Когда миссис Марч дошла до этой части письма, со всех сторон послышались всхлипывания и шмыганье носом. Джо нисколько не устыдилась большой слезы, скатившейся до самого кончика ее носа, а Эми не побоялась смять свои кудряшки, уткнувшись лицом в маменькино плечо.

– Я ужасная эгоистка, – прорыдала она во всеуслышание. – Но я, честное слово, постараюсь исправиться, чтобы папа не успел во мне разочароваться!

– Мы все будем стараться! – вскричала Мег. – Я слишком много думаю о своей внешности и терпеть не могу работу, но я больше не буду так ко всему этому относиться, если только у меня получится!

– А я попробую стать «маленькой женщиной», как папа любит меня называть, а не грубой и необузданной, как мальчишка. И я буду делать все, что надо, дома, а не рваться неизвестно куда, – пообещала Джо, считавшая, что сдерживать свою необузданность дома гораздо труднее, чем схватиться напрямую с парочкой повстанцев-южан.

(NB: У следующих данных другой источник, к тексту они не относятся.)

(* Consider a length-$l$ segment embedded in a gapped translation-invariant 1D free-fermion lattice system with $L$ unit cells, $1\le l<L\le\infty$, under periodic boundary conditions, and denote by $P^{(L)}_<$ the single-particle projector onto the Fermi sea. Assume that there are constants $C>0$ and $\kappa>0$ independent of $j,j'$ such that $$\|\langle j|P^{(\infty)}_<|j'\rangle\|\le Ce^{-\kappa|j-j'|}\quad\forall j,j'\in\mathbb{Z}.$$ Then $$\|P_SP^{(L)}_<P_S-P_SP^{(\infty)}_<P_S\|\le\frac{2C\sinh(\kappa l)}{(e^{\kappa L}-1)\sinh\kappa},$$ where $P_S=\sum_{j=1}^l|j\rangle\langle j|\otimes\mathbb{1}_{\rm I}$ is the projector onto the segment.
   Context: The system has $d$ internal states per unit cell, $\mathbb{1}_{\rm I}$ is the identity on $\mathbb{C}^d$, $\|\cdot\|$ the operator norm, and $\langle j|P|j'\rangle$ the $d\times d$ block between unit cells $j,j'$. Both $P^{(L)}_<$ and $P^{(\infty)}_<$ come from the same Bloch projector $P_<(k)$ onto the occupied bands: $\langle j|P^{(\infty)}_<|j'\rangle=\int_{-\pi}^{\pi}\frac{dk}{2\pi}e^{ik(j-j')}P_<(k)$ and $\langle j|P^{(L)}_<|j'\rangle=\frac1L\sum_{k\in\frac{2\pi}{L}\{1,\dots,L\}}e^{ik(j-j')}P_<(k)$; the segment consists of unit cells $1,\dots,l$, viewed inside both the finite and the infinite lattice. *)

theory Defs
  imports "HOL-Analysis.Analysis"
begin

definition mat_opnorm :: "'i set \<Rightarrow> ('i \<Rightarrow> 'i \<Rightarrow> complex) \<Rightarrow> real" where
  "mat_opnorm I M =
     (SUP v \<in> {v :: 'i \<Rightarrow> complex. (\<Sum>i\<in>I. (cmod (v i))^2) \<le> 1}.
        sqrt (\<Sum>i\<in>I. (cmod (\<Sum>j\<in>I. M i j * v j))^2))"
text \<open>The compatibility with the associator forces \<open>lam\<close> to be induced by its component at \<open>K\<close>.\<close>
lemma law_eq:
  assumes "Ob X"
  shows "lam X = \<Lambda> X"
proof -
  have asc': "(lam K \<otimes> idm (bo X)) \<Zcomp> mm (A \<odot> K) X
      = asc_inv A (bo K) (bo X) \<Zcomp> (idm A \<otimes> mm K X) \<Zcomp> lam (K \<odot> X) \<Zcomp> ba (asc A K X)"
    using assms by (subst law_asc [symmetric]) simp_all
  have "(\<omega> \<otimes> idm (bo X)) \<Zcomp> mm A X
      = (run_inv A \<otimes> idm (bo X)) \<Zcomp> ((idm A \<otimes> mK) \<otimes> idm (bo X)) \<Zcomp> (lam K \<otimes> idm (bo X))
          \<Zcomp> ((ba (run A) \<otimes> ba (idm X)) \<Zcomp> mm A X)"
    unfolding coaction_of_law_def using assms by simp
  also have "\<dots> = (run_inv A \<otimes> idm (bo X)) \<Zcomp> ((idm A \<otimes> mK) \<otimes> idm (bo X))
          \<Zcomp> ((lam K \<otimes> idm (bo X)) \<Zcomp> mm (A \<odot> K) X) \<Zcomp> ba (run A \<otimes> idm X)"
    using assms by (subst mm_nat [of "run A" "A \<odot> K" A "idm X" X X]) simp_all
  also have "\<dots> = (run_inv A \<otimes> idm (bo X)) \<Zcomp> (((idm A \<otimes> mK) \<otimes> idm (bo X)) \<Zcomp> asc_inv A (bo K) (bo X))
          \<Zcomp> (idm A \<otimes> mm K X) \<Zcomp> lam (K \<odot> X) \<Zcomp> ba (asc A K X) \<Zcomp> ba (run A \<otimes> idm X)"
    using assms by (simp only: asc') simp
  also have "\<dots> = ((run_inv A \<otimes> idm (bo X)) \<Zcomp> asc_inv A K (bo X)) \<Zcomp> (idm A \<otimes> (mK \<otimes> idm (bo X)))
          \<Zcomp> (idm A \<otimes> mm K X) \<Zcomp> lam (K \<odot> X) \<Zcomp> ba (asc A K X \<Zcomp> (run A \<otimes> idm X))"
    using assms by (subst asc_inv_nat [of "idm A" A A mK K "bo K" "idm (bo X)" "bo X" "bo X"]) simp_all
  also have "\<dots> = (idm A \<otimes> (lun_inv (bo X) \<Zcomp> (mK \<otimes> idm (bo X)) \<Zcomp> mm K X)) \<Zcomp> lam (K \<odot> X)
          \<Zcomp> ba (idm A \<otimes> lun X)"
    using assms by (simp add: triangle_inv triangle)
  also have "\<dots> = ((idm A \<otimes> ba (lun_inv X)) \<Zcomp> lam (K \<odot> X)) \<Zcomp> ba (idm A \<otimes> lun X)"
    using assms by (subst mm_lun_inv) simp_all
  also have "\<dots> = lam X \<Zcomp> ba (idm A \<otimes> lun_inv X) \<Zcomp> ba (idm A \<otimes> lun X)"
    using assms by (subst law_natural [of "lun_inv X" X "K \<odot> X"]) simp_all
  also have "\<dots> = lam X"
    using assms by simp
  finally show ?thesis by (rule sym)
qed

lemma \<omega>_counit: "\<omega> \<Zcomp> \<epsilon> A = idm A"
proof -
  have "\<omega> \<Zcomp> \<epsilon> A = run_inv A \<Zcomp> (idm A \<otimes> mK) \<Zcomp> lam K \<Zcomp> (ba (run A) \<Zcomp> \<epsilon> A)"
    unfolding coaction_of_law_def by simp
  also have "\<dots> = run_inv A \<Zcomp> (idm A \<otimes> mK) \<Zcomp> (lam K \<Zcomp> \<epsilon> (A \<odot> K)) \<Zcomp> run A"
    by (subst \<epsilon>_nat [of "run A" "A \<odot> K" A]) simp_all
  also have "\<dots> = run_inv A \<Zcomp> (idm A \<otimes> (mK \<Zcomp> \<epsilon> K)) \<Zcomp> run A"
    by (subst law_\<epsilon>) simp_all
  also have "\<dots> = idm A"
    by (simp add: mK_\<epsilon>)
  finally show ?thesis .
qed
(* Let $C>0$ and let $\Psi_{\mathrm{ENO}}:\mathbb{R}\to\mathbb{R}$ be $\Psi_{\mathrm{ENO}}(r)=1$ if $|r|\ge 1$ and $\Psi_{\mathrm{ENO}}(r)=r$ if $|r|\le 1$. Fix indices $i,n$ and real numbers $Q_i^{n-2},Q_i^{n-1},Q_i^n,Q_i^{n+1},Q_{i-1}^n$ satisfying $$Q_i^n + \tfrac12\Psi_{\mathrm{ENO}}(r_i^n)\,(Q_i^{n+1}-Q_i^n) + C\,Q_i^n = Q_i^{n-1} + \tfrac12\Psi_{\mathrm{ENO}}(r_i^{n-1})\,(Q_i^{n}-Q_i^{n-1}) + C\,Q_{i-1}^n,$$ where $r_i^n = \frac{Q_i^n-Q_i^{n-1}}{Q_i^{n+1}-Q_i^n}$ and $r_i^{n-1}=\frac{Q_i^{n-1}-Q_i^{n-2}}{Q_i^{n}-Q_i^{n-1}}$, with the convention that a product $\Psi_{\mathrm{ENO}}(r)\cdot(\text{denominator of } r)$ is $0$ whenever that denominator vanishes. Then $$\min\{Q_i^{n-1},Q_{i-1}^n\}\le Q_i^n\le \max\{Q_i^{n-1},Q_{i-1}^n\}.$$
   Context: This is the (fully implicit, four time levels) scheme for $\kappa\partial_tq+v\partial_xq=0$ obtained from the time approximation $\tau\partial_tq_i^n\approx Q_i^n-Q_i^{n-1}+\frac{1-w}{2}(Q_i^{n+1}-2Q_i^n+Q_i^{n-1})+\frac{w}{2}(Q_i^n-2Q_i^{n-1}+Q_i^{n-2})$ with a solution-dependent ENO weight $w\in\{0,1\}$ ($w=0$ if $|r_i^n|\ge1$, $w=1$ if $|r_i^n|\le1$), written via $\psi=1-w+wr$; $C=C_i^n=v^n\tau/(\kappa h_i)$ is the local Courant number. *)

theory Defs
  imports Complex_Main
begin

text \<open>ENO limiter: value 1 if |r| >= 1, value r if |r| <= 1.
  At r = -1 the two clauses disagree; we take the first clause (value 1).\<close>
definition psi_ENO :: "real \<Rightarrow> real" where
  "psi_ENO r = (if \<bar>r\<bar> \<ge> 1 then 1 else r)"

definition psi_prod :: "real \<Rightarrow> real \<Rightarrow> real" where
  "psi_prod num den = (if den = 0 then 0 else psi_ENO (num / den) * den)"

end

theory Submission
  imports Defs
begin

text \<open>Write d for the increment Qn - Qnm1. Both limited terms of the scheme are bounded in
  absolute value by |d|: the one at time n has d as numerator of its ratio, and |psi_ENO r| \<le> |r|;
  the one at time n-1 has d as denominator, and |psi_ENO r| \<le> 1. So the rearranged scheme
  d + P/2 - S/2 = C (Qim1 - Qn) has a left-hand side of the sign of d, whence Qn - Qnm1 and
  Qim1 - Qn never have strictly opposite signs.\<close>

lemma abs_psi_ENO_le_abs: "\<bar>psi_ENO r\<bar> \<le> \<bar>r\<bar>"
  by (simp add: psi_ENO_def)

lemma abs_psi_ENO_le_1: "\<bar>psi_ENO r\<bar> \<le> 1"
  by (simp add: psi_ENO_def)

lemma abs_psi_prod_le_num: "\<bar>psi_prod a b\<bar> \<le> \<bar>a\<bar>"
proof (cases "b = 0")
  case False
  have "\<bar>psi_ENO (a / b) * b\<bar> \<le> \<bar>a / b\<bar> * \<bar>b\<bar>"
    unfolding abs_mult by (intro mult_right_mono abs_psi_ENO_le_abs) simp
  also have "\<dots> = \<bar>a\<bar>" using False by (simp add: abs_divide)
  finally show ?thesis using False by (simp add: psi_prod_def)
qed (simp add: psi_prod_def)

lemma abs_psi_prod_le_den: "\<bar>psi_prod a b\<bar> \<le> \<bar>b\<bar>"
proof -
  have "\<bar>psi_ENO (a / b) * b\<bar> \<le> 1 * \<bar>b\<bar>"
    unfolding abs_mult by (intro mult_right_mono abs_psi_ENO_le_1) simp
  then show ?thesis by (simp add: psi_prod_def)
qed

theorem mainTheorem2:
  fixes C Qnm2 Qnm1 Qn Qnp1 Qim1 :: real
  assumes "C > 0"
    and "Qn + (1/2) * psi_prod (Qn - Qnm1) (Qnp1 - Qn) + C * Qn
         = Qnm1 + (1/2) * psi_prod (Qnm1 - Qnm2) (Qn - Qnm1) + C * Qim1"
  shows "min Qnm1 Qim1 \<le> Qn \<and> Qn \<le> max Qnm1 Qim1"
proof -
  define d where "d = Qn - Qnm1"
  define P where "P = psi_prod d (Qnp1 - Qn)"
  define S where "S = psi_prod (Qnm1 - Qnm2) d"
  have P: "\<bar>P\<bar> \<le> \<bar>d\<bar>" and S: "\<bar>S\<bar> \<le> \<bar>d\<bar>"
    unfolding P_def S_def by (rule abs_psi_prod_le_num abs_psi_prod_le_den)+
  have scheme: "d + P / 2 - S / 2 = C * (Qim1 - Qn)"
    using assms(2) unfolding P_def S_def d_def by (simp add: right_diff_distrib)
  have "0 \<le> C * (Qim1 - Qn)" if "0 \<le> d"
    using P S that unfolding scheme[symmetric] by linarith
  then have up: "Qn \<le> Qim1" if "0 \<le> d"
    using that \<open>C > 0\<close> by (simp add: zero_le_mult_iff)
  have "C * (Qim1 - Qn) \<le> 0" if "d \<le> 0"
    using P S that unfolding scheme[symmetric] by linarith
  then have down: "Qim1 \<le> Qn" if "d \<le> 0"
    using that \<open>C > 0\<close> by (simp add: mult_le_0_iff)
  show ?thesis using up down unfolding d_def by linarith
qed

end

Бет не промолвила ни слова, только утерла слезы синим армейским носком, за который поспешно взялась, чтобы не терять ни минуты, и вязала, не жалея сил, свято выполняя свой долг – тот, что оказался под рукой. Но молча, в душе своей, она решила стать во всем такой, какой папа надеялся ее увидеть, когда закончившийся год ожидания принесет им всем радостное возвращение отца домой.

Тишину, воцарившуюся после возгласа Джо, нарушил ободряющий голос миссис Марч:

– А вы помните, девочки, как вы, бывало, играли в «Путешествие пилигрима»[7], когда были совсем малышками? Ничто не доставляло вам большего удовольствия, чем упросить меня привязать каждой из вас на спину по мешочку для лоскутов вместо котомки – как тяжкое бремя, дать каждой шляпу и палку и свиток бумаги в руку и отпустить в путешествие по дому – снизу до самого верха, – из подвала, который был Градом Разрушения, до чердака, где вы заранее собрали все, что могли, все самое, по-вашему, прекрасное, чтобы создать себе Небесный Град[8].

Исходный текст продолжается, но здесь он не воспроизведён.